Abstract

Diabetic Retinopathy (DR) is one of the major causes of blindness. Many DR detection systems were developed to segment and determine the type and number of lesions that appeared on retinal images and used to classify DR and its severity level. Even though several researchers have already proposed many automated diagnosis systems with different image segmentation algorithms, their accuracy and reliability are generally unexplored. The accuracy of an automated diagnosis system usually depends on the segmentation techniques. The accuracy of this system is heavily dependent upon the retinal and image parameters, which have intensity level difference between background (BG)-blood vessels (BV), BV-bright lesions, BV-dark lesions, and noise levels. In this work, the automated diagnosis system accuracy has been analysed to successfully detect DR and its severity levels. The focus is on fundus image modalities segmentation based on fuzzy entropy multi-level thresholding. The analysis aimed to develop conditions to guarantee accurate DR detection and its severity level. Firstly, a retinal image model was developed that represents the retina under the variation of all retinal and image parameters. Overall, 45,000 images were developed using the retinal model.
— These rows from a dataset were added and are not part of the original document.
(* Let $\tau:\mathbb{F}_p((t))^d\to\mathbb{F}_p((t))^d$, $(f_1,\dots,f_d)\mapsto(tf_1,\dots,tf_d)$, and let $\phi:\mathbb{F}_p((t))\to\mathrm{Aut}(\mathbb{F}_p((t))^d)$ be a continuous homomorphism satisfying $\phi(tf)=\tau\circ\phi(f)\circ\tau^{-1}$ for all $f\in\mathbb{F}_p((t))$. Then there is a compact open subgroup $V\le\mathbb{F}_p((t))^d$ such that $\phi(f)(V)=V$ for every $f\in\mathbb{F}_p[[t]]$ and $\tau(V)$ is a proper subgroup of $V$.
   Context: $\mathbb{F}_p((t))$ is the additive group of formal Laurent series over $\mathbb{F}_p$ with its usual locally compact topology, $\mathbb{F}_p[[t]]$ the compact open subgroup of power series. $\mathrm{Aut}(\mathbb{F}_p((t))^d)$ is the group of automorphisms of the topological group $(\mathbb{F}_p((t))^d,+)$ with the Braconnier topology: the group topology with basis of identity neighbourhoods $\{\alpha:\alpha(x)-x\in U,\ \alpha^{-1}(x)-x\in U\ \forall x\in K\}$, $K$ compact, $U$ an identity neighbourhood. *)

theory Defs
  imports "HOL-Analysis.Analysis" "HOL-Computational_Algebra.Formal_Laurent_Series"
    "HOL-Library.Function_Algebras"
begin

text \<open>The field 'k is a finite field of prime order (i.e. F_p); 'k fls carries the
 library's t-adic metric topology; the vector space 'k fls ^ d is represented as
 functions 'd \<Rightarrow> 'k fls on a finite nonempty index type 'd, with the product topology
 (library instance from Function_Topology).\<close>

definition lf_aut :: "(('d::finite \<Rightarrow> 'k::field fls) \<Rightarrow> ('d \<Rightarrow> 'k fls)) set" where
  "lf_aut = {\<alpha>. bij \<alpha> \<and> (\<forall>x y. \<alpha> (x + y) = \<alpha> x + \<alpha> y)
               \<and> continuous_on UNIV \<alpha> \<and> continuous_on UNIV (inv \<alpha>)}"

definition brac_nbhd ::
  "('d::finite \<Rightarrow> 'k::field fls) set \<Rightarrow> ('d \<Rightarrow> 'k fls) set \<Rightarrow> (('d \<Rightarrow> 'k fls) \<Rightarrow> ('d \<Rightarrow> 'k fls)) set" where
  "brac_nbhd K U = {\<gamma> \<in> lf_aut. \<forall>x\<in>K. \<gamma> x - x \<in> U \<and> inv \<gamma> x - x \<in> U}"

text \<open>The group topology on Aut whose neighbourhoods of \<alpha> are the translates N \<circ> \<alpha>
 of the basic identity neighbourhoods N.\<close>
definition brac_open :: "(('d::finite \<Rightarrow> 'k::field fls) \<Rightarrow> ('d \<Rightarrow> 'k fls)) set \<Rightarrow> bool" where
  "brac_open S \<longleftrightarrow> S \<subseteq> lf_aut \<and>
     (\<forall>\<alpha>\<in>S. \<exists>K U. compact K \<and> open U \<and> 0 \<in> U \<and>
        {\<beta> \<in> lf_aut. \<beta> \<circ> inv \<alpha> \<in> brac_nbhd K U} \<subseteq> S)"

lemma istopology_brac_open: "istopology brac_open"
  unfolding istopology_def
proof (intro conjI allI impI)
  fix S T :: "(('d::finite \<Rightarrow> 'k::field fls) \<Rightarrow> ('d \<Rightarrow> 'k fls)) set"
  assume S: "brac_open S" and T: "brac_open T"
  show "brac_open (S \<inter> T)"
    unfolding brac_open_def
  proof (intro conjI ballI)
    show "S \<inter> T \<subseteq> lf_aut" using S unfolding brac_open_def by blast
  next
    fix \<alpha> assume a: "\<alpha> \<in> S \<inter> T"
    obtain K1 U1 where 1: "compact K1" "open U1" "0 \<in> U1"
      "{\<beta> \<in> lf_aut. \<beta> \<circ> inv \<alpha> \<in> brac_nbhd K1 U1} \<subseteq> S"
      using S a unfolding brac_open_def by blast
    obtain K2 U2 where 2: "compact K2" "open U2" "0 \<in> U2"
      "{\<beta> \<in> lf_aut. \<beta> \<circ> inv \<alpha> \<in> brac_nbhd K2 U2} \<subseteq> T"
      using T a unfolding brac_open_def by blast
    have sub: "brac_nbhd (K1 \<union> K2) (U1 \<inter> U2) \<subseteq> brac_nbhd K1 U1 \<inter> brac_nbhd K2 U2"
      unfolding brac_nbhd_def by blast
    have "{\<beta> \<in> lf_aut. \<beta> \<circ> inv \<alpha> \<in> brac_nbhd (K1 \<union> K2) (U1 \<inter> U2)} \<subseteq> S \<inter> T"
      using sub 1(4) 2(4) by blast
    moreover have "compact (K1 \<union> K2)" using 1(1) 2(1) by (rule compact_Un)
    moreover have "open (U1 \<inter> U2)" using 1(2) 2(2) by (rule open_Int)
    moreover have "0 \<in> U1 \<inter> U2" using 1(3) 2(3) by blast
    ultimately show "\<exists>K U. compact K \<and> open U \<and> 0 \<in> U \<and>
        {\<beta> \<in> lf_aut. \<beta> \<circ> inv \<alpha> \<in> brac_nbhd K U} \<subseteq> S \<inter> T"
      by (intro exI conjI)
  qed
next
  fix KK :: "(('d::finite \<Rightarrow> 'k::field fls) \<Rightarrow> ('d \<Rightarrow> 'k fls)) set set"
  assume "\<forall>S\<in>KK. brac_open S"
  then have h: "\<And>S. S \<in> KK \<Longrightarrow> brac_open S" by blast
  show "brac_open (\<Union>KK)"
    unfolding brac_open_def
  proof (intro conjI ballI)
    show "\<Union>KK \<subseteq> lf_aut" using h unfolding brac_open_def by blast
  next
    fix \<alpha> assume "\<alpha> \<in> \<Union>KK"
    then obtain S where S: "S \<in> KK" "\<alpha> \<in> S" by blast
    then obtain K0 U0 where 1: "compact K0" "open U0" "0 \<in> U0"
      "{\<beta> \<in> lf_aut. \<beta> \<circ> inv \<alpha> \<in> brac_nbhd K0 U0} \<subseteq> S"
      using h[OF S(1)] unfolding brac_open_def by blast
    have "{\<beta> \<in> lf_aut. \<beta> \<circ> inv \<alpha> \<in> brac_nbhd K0 U0} \<subseteq> \<Union>KK"
      using 1(4) S(1) by blast
    then show "\<exists>K U. compact K \<and> open U \<and> 0 \<in> U \<and>
        {\<beta> \<in> lf_aut. \<beta> \<circ> inv \<alpha> \<in> brac_nbhd K U} \<subseteq> \<Union>KK"
      using 1(1-3) by (intro exI conjI)
  qed
qed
Secondly, feasibility and consistency analysis were performed based on a specific design Monte Carlo statistical method to quantify the successful detection of DR and its severity levels. The conditions to guarantee accurate DR detections are: BG to BV > 30% and BV to the dark lesions (MAs) >15% for mild DR, BG to BV > 40% and BV to the dark lesions (MAs and HEM) > 20% for moderate DR, and BG to BV > 30% and BV to the dark lesions (MAs and HEM) > 15%, and BV to the bright lesions (EX) > 55% for severe DR. Finally, the validity of these conditions was verified by comparing their accuracy against real retinal images from publicly available datasets. The verification results demonstrated that the condition for the analysis could be used to predict the success of DR detection.